# Oh the expressions of a baby..



## crimbfighter (Feb 5, 2014)

My little nephew. His parents aren't very photographically inclined, usually relying on a cell phone camera, so I try to get as many photos of the baby as I can when I'm around, and give them the photos to chronicle his growing and such. I couldn't help but laugh at the myriad of facial expressions babies go through in the span of only a few seconds...

There's "Confused" baby to begin...






Then quickly into the "OMG" baby...





Shortly before the "Skeptical" baby





Which then leads to "Ya don't say" baby





And of course, later, "Clean diaper" baby






And in the end, after an exhausting modeling session, where does every baby like to sleep?
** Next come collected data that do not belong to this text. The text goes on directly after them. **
(* Let $\varepsilon,\delta,p$ be positive constants with $\varepsilon<1/2$. Let $(V_1,V_2,V_3)$ be a triple of pairwise disjoint vertex sets in a graph such that for all $i,j$ the density of $(V_i,V_j)$ is $d_{ij}p$ with $d_{ij}\ge\delta$. Then for every $\varepsilon$-typical vertex $v\in V_1$ there exist sets $N_j''\subset N(v)\cap V_j$ for $j\in\{2,3\}$ such that (i) there are at least $(1-6\varepsilon-2\varepsilon/\delta)d_{12}d_{13}d_{23}p^3|V_2||V_3|$ edges between $N_2''$ and $N_3''$, and if $v$ is $\varepsilon$-good, then at least that many of the edges between $N_2''$ and $N_3''$ are $\varepsilon$-good; (ii) for all $j,k$ with $\{j,k\}=\{2,3\}$, no vertex of $N_j''$ has more than $(1+2\varepsilon/\delta)(1+\varepsilon)^2d_{1k}d_{23}p^2|V_k|$ neighbours in $N_k''$.
   Context: For disjoint $X,Y$, $d(X,Y)=e(X,Y)/(|X||Y|)$; $x=(1\pm a)y$ means $x\in[(1-a)y,(1+a)y]$. A pair $(X,Y)$ is $(\varepsilon,p)$-regular if $|d(X,Y)-d(X',Y')|\le\varepsilon p$ for all $X'\subset X,Y'\subset Y$ with $|X'|\ge\varepsilon|X|,|Y'|\ge\varepsilon|Y|$. A vertex $v\in V_1$ is $\varepsilon$-typical if for $j\in\{2,3\}$, $N_j=N(v)\cap V_j$ satisfies $|N_j|=(1\pm\varepsilon)d_{1j}p|V_j|$, and there exist $N_j'\subset N_j$ with $|N_j'|\ge(1-\varepsilon)|N_j|$ such that $(N_2',N_3')$ is $(\varepsilon,p)$-regular with density $(1\pm\varepsilon)d_{23}p$. An edge between $V_2$ and $V_3$ is $\varepsilon$-good if its endpoints have at least $(1-\varepsilon)d_{12}d_{13}p^2|V_1|$ common neighbours in $V_1$. An $\varepsilon$-typical vertex $v\in V_1$ is $\varepsilon$-good if at most $\varepsilon d_{12}d_{13}d_{23}p^3|V_2||V_3|$ edges between $N(v)\cap V_2$ and $N(v)\cap V_3$ are not $\varepsilon$-good. *)

theory Defs
  imports Complex_Main
begin

definition graph :: "('a \<Rightarrow> 'a \<Rightarrow> bool) \<Rightarrow> bool" where
  "graph E \<longleftrightarrow> (\<forall>x y. E x y \<longrightarrow> E y x) \<and> (\<forall>x. \<not> E x x)"

definition nbhd :: "('a \<Rightarrow> 'a \<Rightarrow> bool) \<Rightarrow> 'a \<Rightarrow> 'a set" where
  "nbhd E v = {u. E v u}"

definition edges_between :: "('a \<Rightarrow> 'a \<Rightarrow> bool) \<Rightarrow> 'a set \<Rightarrow> 'a set \<Rightarrow> ('a \<times> 'a) set" where
  "edges_between E X Y = {(x, y). x \<in> X \<and> y \<in> Y \<and> E x y}"

definition e_count :: "('a \<Rightarrow> 'a \<Rightarrow> bool) \<Rightarrow> 'a set \<Rightarrow> 'a set \<Rightarrow> nat" where
  "e_count E X Y = card (edges_between E X Y)"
Right on Grandma..


----------



## Photo Lady (Sep 5, 2022)

Beautiful baby and loved all the photos..


----------



## Space Face (Sep 5, 2022)

Well, it's no longer a baby.  It's 8 years old.


----------



## SquarePeg (Sep 5, 2022)

Great set!  He’s adorable.


----------



## smoke665 (Sep 6, 2022)

Space Face said:


> Well, it's no longer a baby.  It's 8 years old.



Another 5 yrs and he'll be a teenager. Time for some new pictures!!


----------



## jeffashman (Sep 12, 2022)

Ok, @crimbfighter, we need some new photos... 😄


----------



## Jeff15 (Sep 12, 2022)

Very cute shots, it makes you wonder what they are thinking...


----------